For genesis block generationSignature is set to some predefined value e.g. filled with zeros.

Target & Hit Verifying

To generate target value for our rock-paper-scissors game we use last block again. More preciously, we multiply its baseTarget field value by generator stake(i.e. effective balance) and elapsed time since last block generation timestamp(in seconds). Then calculated target is being used in verifyHit function having two use cases:

  • Honest forging account decides whether it has a right to forge a block by calling the function. Checking is to be done each second(and each second target increases along with a chance to generate a block by satisfying hit < target condition).
  • Other parties ensure incoming block is forged by a proper account have a right to do it

    verifyHit :: Integer -> Block -> Timestamp -> Integer -> Bool verifyHit hit prevBlock timestamp effBalance = (hit < target) && (eta > 0) where eta = timestamp - blockTimestamp prevBlock target = effBalance(baseTarget prevBlock)eta

Again, if a result of function call is true, a generator is going to form a block and push it to the network. Other nodes can check whether block is generated properly by calling the same function.

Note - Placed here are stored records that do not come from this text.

lemma gdist_eq_1_iff:
  assumes "graph_connected V E" "v \<in> V" "w \<in> V"
  shows "gdist V E v w = 1 \<longleftrightarrow> v \<noteq> w \<and> E v w"
proof
  assume dist: "gdist V E v w = 1"
  obtain xs where "is_walk V E xs" "hd xs = v" "last xs = w"
    using assms by (rule graph_connected_walk)
  then obtain ys where ys: "is_walk V E ys" "hd ys = v" "last ys = w"
    "length ys = Suc (gdist V E v w)"
    by (rule shortest_walk)
  then have "ys = [v, w]"
    using dist by (cases ys rule: remdups_adj.cases) auto
  then show "v \<noteq> w \<and> E v w"
    using ys(1) dist gdist_self[of v V E] by auto
next
  assume "v \<noteq> w \<and> E v w"
  then show "gdist V E v w = 1"
    using gdist_le_1[of v V w E] gdist_eq_0_iff[OF assms] assms by simp
qed

lemma gdist_le_diameter:
  assumes "finite V" "v \<in> V" "w \<in> V"
  shows "gdist V E v w \<le> diameter V E"
  unfolding diameter_def using assms by (intro Max_ge finite_image_set2) auto

lemma nth_vstring:
  "j < diameter V E \<Longrightarrow> vstring V E f v ! j = (\<Sum>w\<in>{w\<in>V. gdist V E v w = Suc j}. f w)"
  by (simp add: vstring_def del: upt_Suc)

lemma IDI_attained:
  assumes "inj_on (vstring V E f) V"
  obtains g where "card (g ` V) = IDI V E" "inj_on (vstring V E g) V"
proof -
  have "\<exists>k g. card (g ` V) = k \<and> inj_on (vstring V E g) V"
    using assms by blast
  then have "\<exists>g. card (g ` V) = IDI V E \<and> inj_on (vstring V E g) V"
    unfolding IDI_def by (rule LeastI_ex)
  then show ?thesis
    using that by blast
qed

locale vertex_partition =
  fixes V :: "'a set" and p :: "'a \<Rightarrow> 'b"
begin

definition part :: "'a \<Rightarrow> 'a set" where
  "part v = {w \<in> V. p w = p v}"

lemma mem_part_iff [simp]: "w \<in> part v \<longleftrightarrow> w \<in> V \<and> p w = p v"
  by (simp add: part_def)

lemma part_subset: "part v \<subseteq> V"
  by (auto simp: part_def)

lemma part_eq_part: "w \<in> part v \<Longrightarrow> part w = part v"
  by (auto simp: part_def)

end

locale complete_multipartite = vertex_partition V p
  for V :: "'a set" and p :: "'a \<Rightarrow> 'b" +
  fixes E :: "'a \<Rightarrow> 'a \<Rightarrow> bool"
  assumes finite_V: "finite V"
    and connected: "graph_connected V E"
    and adj_iff: "u \<in> V \<Longrightarrow> w \<in> V \<Longrightarrow> E u w \<longleftrightarrow> p u \<noteq> p w"
begin

lemma finite_part [simp]: "finite (part v)"
  using finite_V by (simp add: part_def)

lemma gdist_eq:
  assumes "v \<in> V" "w \<in> V"
  shows "gdist V E v w = (if w = v then 0 else if p w = p v then 2 else 1)"
proof -
  consider "w = v" | "p w \<noteq> p v" | "w \<noteq> v" "p w = p v"
    by blast
  then show ?thesis
  proof cases
    case 1
    then show ?thesis
      using assms by (simp add: gdist_self)
  next
    case 2
    then show ?thesis
      using assms adj_iff gdist_eq_1_iff[OF connected] by auto
  next
    case 3
    obtain xs where xs: "is_walk V E xs" "hd xs = v" "last xs = w"
      using connected assms by (rule graph_connected_walk)
    obtain m where "m \<in> V" "E v m"
      using walk_start_has_neighbour[OF xs(1)] xs 3 by auto
    \<comment> \<open>m lies outside the common part of v and w, so it is a neighbour of w as well\<close>
    then have "gdist V E v w \<le> 2"
      using 3 assms adj_iff by (intro gdist_le_2[of _ _ m]) auto
    moreover have "gdist V E v w \<noteq> 0" "gdist V E v w \<noteq> 1"
      using 3 assms adj_iff gdist_eq_0_iff[OF connected] gdist_eq_1_iff[OF connected] by auto
    ultimately show ?thesis
      using 3 by simp
  qed
qed

lemma gdist_level_eq:
  assumes "v \<in> V"
  shows "{w \<in> V. gdist V E v w = j} =
    (if j = 0 then {v} else if j = 1 then V - part v else if j = 2 then part v - {v} else {})"
  using assms by (auto simp: gdist_eq split: if_splits)

lemma sum_gdist_level:
  fixes f :: "'a \<Rightarrow> 'c::ab_group_add"
  assumes "v \<in> V"
  shows "(\<Sum>w\<in>{w \<in> V. gdist V E v w = j}. f w) =
    (if j = 0 then f v else if j = 1 then sum f V - sum f (part v)
     else if j = 2 then sum f (part v) - f v else 0)"
  using assms by (simp add: gdist_level_eq sum_diff[OF finite_V part_subset] sum_diff1)

lemma part_eq_singleton:
  assumes "diameter V E < 2" "v \<in> V"
  shows "part v = {v}"
proof -
  have "w = v" if "w \<in> part v" for w
    using that assms gdist_le_diameter[OF finite_V assms(2), of w E]
    by (auto simp: gdist_eq split: if_splits)
  then show ?thesis
    using assms(2) by auto
qed

lemma vstring_eq_iff:
  assumes "v \<in> V" "w \<in> V"
  shows "vstring V E f v = vstring V E f w \<longleftrightarrow> f v = f w \<and> sum f (part v) = sum f (part w)"
proof
  assume eq: "vstring V E f v = vstring V E f w"
  show "f v = f w \<and> sum f (part v) = sum f (part w)"
  proof (cases "v = w")
    case False
    then have "1 \<le> diameter V E"
      using gdist_le_diameter[OF finite_V assms, of E] assms
      by (simp add: gdist_eq split: if_splits)
    then have parts: "sum f (part v) = sum f (part w)"
      using arg_cong[OF eq, of "\<lambda>s. s ! 0"] assms by (simp add: nth_vstring sum_gdist_level)
    show ?thesis
    proof (cases "2 \<le> diameter V E")
      case True
      then show ?thesis
        using arg_cong[OF eq, of "\<lambda>s. s ! 1"] parts assms
        by (simp add: nth_vstring sum_gdist_level)
    next
      case False
      then show ?thesis
        using parts assms by (simp add: part_eq_singleton)
    qed
  qed simp
next
  assume "f v = f w \<and> sum f (part v) = sum f (part w)"
  then show "vstring V E f v = vstring V E f w"
    using assms by (simp add: vstring_def sum_gdist_level)
qed

lemma inj_vstring_if_inj:
  assumes "inj_on f V"
  shows "inj_on (vstring V E f) V"
  using assms by (auto simp: inj_on_def vstring_eq_iff)

lemma exists_resolving_assignment:
  obtains f :: "'a \<Rightarrow> real" where "inj_on (vstring V E f) V"
proof -
  obtain g :: "'a \<Rightarrow> nat" where "inj_on g V"
    using finite_imp_inj_to_nat_seg[OF finite_V] by blast
  then have "inj_on (real \<circ> g) V"
    by (simp add: inj_on_def)
  then show ?thesis
    using that inj_vstring_if_inj by blast
qed

context
  fixes f :: "'a \<Rightarrow> real"
  assumes resolving: "inj_on (vstring V E f) V"
begin

lemma inj_on_part:
  assumes "v \<in> V"
  shows "inj_on f (part v)"
proof
  fix u w
  assume u: "u \<in> part v" and w: "w \<in> part v" and "f u = f w"
  moreover have "u \<in> V" "w \<in> V"
    using u w by simp_all
  moreover have "part u = part w"
    using part_eq_part[OF u] part_eq_part[OF w] by simp
  ultimately have "vstring V E f u = vstring V E f w"
    by (simp add: vstring_eq_iff)
  then show "u = w"
    using resolving \<open>u \<in> V\<close> \<open>w \<in> V\<close> by (simp add: inj_on_eq_iff)
qed

lemma inj_on_image_part: "inj_on (\<lambda>P. f ` P) (part ` V)"
proof
  fix P Q
  assume "P \<in> part ` V" "Q \<in> part ` V" and eq: "f ` P = f ` Q"
  then obtain u v where u: "u \<in> V" "P = part u" and v: "v \<in> V" "Q = part v"
    by blast
  then have "f u \<in> f ` part v"
    using eq by auto
  then obtain w where w: "f u = f w" "w \<in> part v"
    by (rule imageE)
  have same_part: "part w = part v"
    using w(2) by (rule part_eq_part)
  have "sum f (part u) = sum id (f ` part u)"
    by (simp add: sum.reindex[OF inj_on_part[OF u(1)]])
  also have "\<dots> = sum id (f ` part v)"
    using eq u(2) v(2) by simp
  also have "\<dots> = sum f (part w)"
    by (simp add: sum.reindex[OF inj_on_part[OF v(1)]] same_part)
  finally have "vstring V E f u = vstring V E f w"
    using u(1) w by (simp add: vstring_eq_iff)
  then have "u = w"
    using resolving u(1) w(2) part_subset by (auto simp: inj_on_eq_iff)
  then show "P = Q"
    using u(2) v(2) same_part by simp
qed

lemma card_parts_of_size_le_choose:
  "card {P \<in> part ` V. card P = i} \<le> card (f ` V) choose i"
proof -
  have "(\<lambda>P. f ` P) ` {P \<in> part ` V. card P = i} \<subseteq> {B. B \<subseteq> f ` V \<and> card B = i}"
    using part_subset by (auto simp: card_image inj_on_part)
  then have "card {P \<in> part ` V. card P = i} \<le> card {B. B \<subseteq> f ` V \<and> card B = i}"
    using finite_V inj_on_image_part by (intro card_inj_on_le) (auto intro: inj_on_subset)
  then show ?thesis
    using finite_V by (simp add: n_subsets)
qed

end

end

definition cmp_part :: "nat \<times> nat \<times> nat \<Rightarrow> nat \<times> nat" where
  "cmp_part u = (fst u, fst (snd u))"

lemma cmp_adj_iff: "cmp_adj u w \<longleftrightarrow> cmp_part u \<noteq> cmp_part w"
  by (simp add: cmp_adj_def cmp_part_def)

lemma cmp_verts_eq_Sigma: "cmp_verts t n = (SIGMA i:{1..t}. {..<n i} \<times> {..<i})"
  by (auto simp: cmp_verts_def)

lemma complete_multipartite_cmp:
  assumes "graph_connected (cmp_verts t n) cmp_adj"
  shows "complete_multipartite (cmp_verts t n) cmp_part cmp_adj"
  using assms by unfold_locales (simp_all add: cmp_verts_eq_Sigma cmp_adj_iff)

lemma cmp_part_eq:
  assumes "(i, j, k) \<in> cmp_verts t n"
  shows "vertex_partition.part (cmp_verts t n) cmp_part (i, j, k) = (\<lambda>k. (i, j, k)) ` {..<i}"
  using assms by (auto simp: vertex_partition.part_def cmp_verts_def cmp_part_def)

lemma card_cmp_block [simp]: "card ((\<lambda>k. (i, j, k)) ` {..<i}) = i"
  by (simp add: card_image inj_on_def)

lemma card_cmp_parts_of_size:
  assumes "i \<in> {1..t}"
  shows "card {P \<in> vertex_partition.part (cmp_verts t n) cmp_part ` cmp_verts t n. card P = i} = n i"
proof -
  let ?part = "vertex_partition.part (cmp_verts t n) cmp_part"
  let ?block = "\<lambda>j. (\<lambda>k. (i, j, k)) ` {..<i}"
  have "{P \<in> ?part ` cmp_verts t n. card P = i} = ?block ` {..<n i}"
  proof
    show "{P \<in> ?part ` cmp_verts t n. card P = i} \<subseteq> ?block ` {..<n i}"
    proof
      fix P
      assume "P \<in> {P \<in> ?part ` cmp_verts t n. card P = i}"
      then obtain i' j k where v: "(i', j, k) \<in> cmp_verts t n"
        and P: "P = ?part (i', j, k)" and "card P = i"
        by auto
      then have "i' = i"
        by (simp add: cmp_part_eq)
      moreover have "j < n i'"
        using v by (simp add: cmp_verts_def)
      ultimately show "P \<in> ?block ` {..<n i}"
        using v P by (simp add: cmp_part_eq)
    qed
  next
    have "(i, j, 0) \<in> cmp_verts t n" if "j < n i" for j
      using assms that by (simp add: cmp_verts_def)
    then show "?block ` {..<n i} \<subseteq> {P \<in> ?part ` cmp_verts t n. card P = i}"
      by (force simp: cmp_part_eq)
  qed
  moreover have "inj_on ?block {..<n i}"
  proof
    fix j j'
    assume "?block j = ?block j'"
    moreover have "(i, j, 0) \<in> ?block j"
      using assms by auto
    ultimately show "j = j'"
      by auto
  qed
  ultimately show ?thesis
    by (simp add: card_image)
qed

BaseTarget & Block Constructing Function

Now it’s time to define baseTarget :: Integer field of a block used as an initial value for a forger to generate its own target in previous section. As well as generationSignature, baseTarget is also depends on a previous block’s field value with some predefined constant for genesis block. In case of Nxt the base target value for the genesis block is:

initialBaseTarget :: Integer
initialBaseTarget = 153722867

Why 153722867? Well, chapter 3 of this series will give precise formula describing that. The baseTarget of a block is baseTarget of a previous block multiplied by elapsed time since previous block generation timestamp, in minutes. It’s also bounded to be not less than half of a previous block field value nor more than twice as high as it. Also it couldn’t be less than 1 and more than maxBaseTarget which is:

maxBaseTarget :: Integer
maxBaseTarget = initialBaseTarget * systemBalance

Having rules to calculate generationSignature and baseTarget we can define the function to form a block based on previous block, generator account, block generation timestamp and transactions to be included:

formBlock :: Block -> Account -> Timestamp -> [Transaction] -> Block
formBlock prevBlock gen timestamp txs =
    Block{transactions = txs, blockTimestamp = timestamp, baseTarget = bt, generator = gen, generationSignature = gs}
    where prevTarget = baseTarget prevBlock
          maxTarget = min (2*prevTarget)  maxBaseTarget
          minTarget = max (prevTarget `div` 2)  1
          candidate = prevTarget*(timestamp - (blockTimestamp prevBlock)) `div` 60
          bt = min (max minTarget candidate) maxTarget
          gs = calcGenerationSignature prevBlock gen


Within blocktree canonical blockchain is the path having max value (e.g. height in case of Bitcoin). We will use sum of 1/baseTarget to select canonical blockchain from possible options and call this function cumulativeDifficulty:

cumulativeDifficulty :: BlockChain -> Double
cumulativeDifficulty chain = sum(map (\bl -> 1 / (fromIntegral $ baseTarget bl) ) chain)

Transparent Forging

There’s a lot of buzz about transparent forging these days. The transparent forging concept is about a forger of a next block is to be known for all online network members in prior. It’s possible because the algorithm is deterministic but in practice there are some issues to be resolved:

  • A forger could miss its turn(there are some workarounds to make block generation quicker for a next forger though)
  • List of forging accounts for the whole network is needed. And it’s not possible to have it consistent constantly.
  • Even in case of pretty weak consistency it could be a tricky task to implement gossiping about forgers in privacy-friendly way.

Conclusion & Further Work

This chapter of the series defined functional building blocks and whole forging algorithm as well. Next chapter will be kind of academic paper about statistical modelling of Nxt forging algo with some interesting results. After that we will go deeper into forging simulation with Haskell.